In the entries below, find the lines with the word "moreover" and copy them.

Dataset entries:
- - - - - - -

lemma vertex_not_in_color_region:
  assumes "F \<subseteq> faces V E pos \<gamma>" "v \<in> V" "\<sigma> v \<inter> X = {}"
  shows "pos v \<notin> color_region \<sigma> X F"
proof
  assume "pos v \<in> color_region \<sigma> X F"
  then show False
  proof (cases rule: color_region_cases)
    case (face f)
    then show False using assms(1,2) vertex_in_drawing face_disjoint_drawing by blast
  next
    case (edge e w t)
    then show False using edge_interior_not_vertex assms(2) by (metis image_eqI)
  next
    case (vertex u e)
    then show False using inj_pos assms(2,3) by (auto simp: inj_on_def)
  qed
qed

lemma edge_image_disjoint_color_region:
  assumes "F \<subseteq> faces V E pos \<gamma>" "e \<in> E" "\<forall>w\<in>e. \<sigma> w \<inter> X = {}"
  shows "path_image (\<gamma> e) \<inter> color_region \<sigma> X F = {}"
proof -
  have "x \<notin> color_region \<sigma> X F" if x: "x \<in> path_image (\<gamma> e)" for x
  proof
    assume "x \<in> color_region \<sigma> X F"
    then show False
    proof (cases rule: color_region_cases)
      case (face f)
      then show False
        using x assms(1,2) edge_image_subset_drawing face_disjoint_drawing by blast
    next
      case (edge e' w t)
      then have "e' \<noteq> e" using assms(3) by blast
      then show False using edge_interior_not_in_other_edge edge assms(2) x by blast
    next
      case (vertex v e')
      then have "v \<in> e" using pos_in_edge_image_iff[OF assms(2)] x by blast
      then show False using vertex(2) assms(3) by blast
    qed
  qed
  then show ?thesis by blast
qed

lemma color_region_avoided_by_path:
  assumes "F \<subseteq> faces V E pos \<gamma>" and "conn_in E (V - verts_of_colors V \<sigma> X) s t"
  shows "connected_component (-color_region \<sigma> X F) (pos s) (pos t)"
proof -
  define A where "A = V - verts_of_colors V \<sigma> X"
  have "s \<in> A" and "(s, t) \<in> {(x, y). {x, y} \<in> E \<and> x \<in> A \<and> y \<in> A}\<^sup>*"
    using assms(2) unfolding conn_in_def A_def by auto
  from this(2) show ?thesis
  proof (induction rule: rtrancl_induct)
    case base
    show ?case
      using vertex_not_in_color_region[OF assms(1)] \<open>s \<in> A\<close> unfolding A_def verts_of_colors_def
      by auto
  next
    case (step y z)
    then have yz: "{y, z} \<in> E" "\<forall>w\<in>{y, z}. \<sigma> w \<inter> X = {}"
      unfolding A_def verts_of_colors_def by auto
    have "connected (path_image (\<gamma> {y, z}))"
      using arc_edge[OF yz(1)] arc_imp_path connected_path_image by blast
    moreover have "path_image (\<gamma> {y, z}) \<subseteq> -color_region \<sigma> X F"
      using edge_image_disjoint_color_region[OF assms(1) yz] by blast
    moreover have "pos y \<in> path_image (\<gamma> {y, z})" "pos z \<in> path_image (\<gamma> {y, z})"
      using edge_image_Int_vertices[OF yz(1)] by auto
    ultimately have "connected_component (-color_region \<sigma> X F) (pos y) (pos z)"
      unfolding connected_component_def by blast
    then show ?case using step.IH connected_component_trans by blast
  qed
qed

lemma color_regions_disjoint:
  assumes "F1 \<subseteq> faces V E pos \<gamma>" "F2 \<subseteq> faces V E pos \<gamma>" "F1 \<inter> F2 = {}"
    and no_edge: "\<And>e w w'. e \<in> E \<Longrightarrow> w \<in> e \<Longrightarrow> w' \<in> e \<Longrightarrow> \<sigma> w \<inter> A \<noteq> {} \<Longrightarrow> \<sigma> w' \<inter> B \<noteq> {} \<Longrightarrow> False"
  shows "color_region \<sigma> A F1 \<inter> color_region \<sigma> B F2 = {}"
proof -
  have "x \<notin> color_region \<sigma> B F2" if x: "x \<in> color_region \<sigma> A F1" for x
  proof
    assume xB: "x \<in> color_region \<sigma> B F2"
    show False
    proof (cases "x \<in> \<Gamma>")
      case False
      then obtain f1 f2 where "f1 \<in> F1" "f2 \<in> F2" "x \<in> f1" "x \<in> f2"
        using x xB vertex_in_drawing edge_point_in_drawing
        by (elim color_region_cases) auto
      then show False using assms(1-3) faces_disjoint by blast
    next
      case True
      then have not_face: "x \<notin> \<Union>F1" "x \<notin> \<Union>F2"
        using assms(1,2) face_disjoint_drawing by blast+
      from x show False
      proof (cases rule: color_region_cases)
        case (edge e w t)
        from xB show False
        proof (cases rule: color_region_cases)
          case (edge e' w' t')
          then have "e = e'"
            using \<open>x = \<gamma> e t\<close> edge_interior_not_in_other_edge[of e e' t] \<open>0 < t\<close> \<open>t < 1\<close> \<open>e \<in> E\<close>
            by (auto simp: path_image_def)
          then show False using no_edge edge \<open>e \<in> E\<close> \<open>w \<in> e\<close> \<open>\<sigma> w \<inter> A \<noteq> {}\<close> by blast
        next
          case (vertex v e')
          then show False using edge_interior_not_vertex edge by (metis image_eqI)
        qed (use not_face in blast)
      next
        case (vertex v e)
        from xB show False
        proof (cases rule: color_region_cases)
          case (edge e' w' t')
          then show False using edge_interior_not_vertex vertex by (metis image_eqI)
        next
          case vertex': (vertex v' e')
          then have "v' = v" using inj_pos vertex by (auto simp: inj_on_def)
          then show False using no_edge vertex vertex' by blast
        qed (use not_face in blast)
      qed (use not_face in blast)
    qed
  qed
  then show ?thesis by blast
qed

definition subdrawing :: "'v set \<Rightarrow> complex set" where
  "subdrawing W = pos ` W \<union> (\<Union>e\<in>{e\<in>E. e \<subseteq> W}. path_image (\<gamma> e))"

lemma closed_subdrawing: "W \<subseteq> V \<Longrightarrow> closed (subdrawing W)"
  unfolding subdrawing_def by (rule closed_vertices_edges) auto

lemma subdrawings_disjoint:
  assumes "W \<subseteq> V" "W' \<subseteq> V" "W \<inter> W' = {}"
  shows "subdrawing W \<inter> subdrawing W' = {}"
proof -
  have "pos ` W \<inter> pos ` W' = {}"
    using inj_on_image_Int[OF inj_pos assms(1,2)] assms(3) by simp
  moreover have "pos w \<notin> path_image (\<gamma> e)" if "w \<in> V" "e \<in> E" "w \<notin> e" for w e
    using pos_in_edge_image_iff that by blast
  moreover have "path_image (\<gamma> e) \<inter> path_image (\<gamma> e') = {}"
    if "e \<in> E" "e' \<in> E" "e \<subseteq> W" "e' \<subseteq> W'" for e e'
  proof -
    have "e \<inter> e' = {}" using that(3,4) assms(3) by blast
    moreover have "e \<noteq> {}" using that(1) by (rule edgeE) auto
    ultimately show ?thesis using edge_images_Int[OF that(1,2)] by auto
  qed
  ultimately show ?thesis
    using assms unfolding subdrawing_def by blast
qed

- - - - - - -

**TASK ANSWER**
    moreover have "path_image (\<gamma> {y, z}) \<subseteq> -color_region \<sigma> X F"
    moreover have "pos y \<in> path_image (\<gamma> {y, z})" "pos z \<in> path_image (\<gamma> {y, z})"
  moreover have "pos w \<notin> path_image (\<gamma> e)" if "w \<in> V" "e \<in> E" "w \<notin> e" for w e
  moreover have "path_image (\<gamma> e) \<inter> path_image (\<gamma> e') = {}"
    moreover have "e \<noteq> {}" using that(1) by (rule edgeE) auto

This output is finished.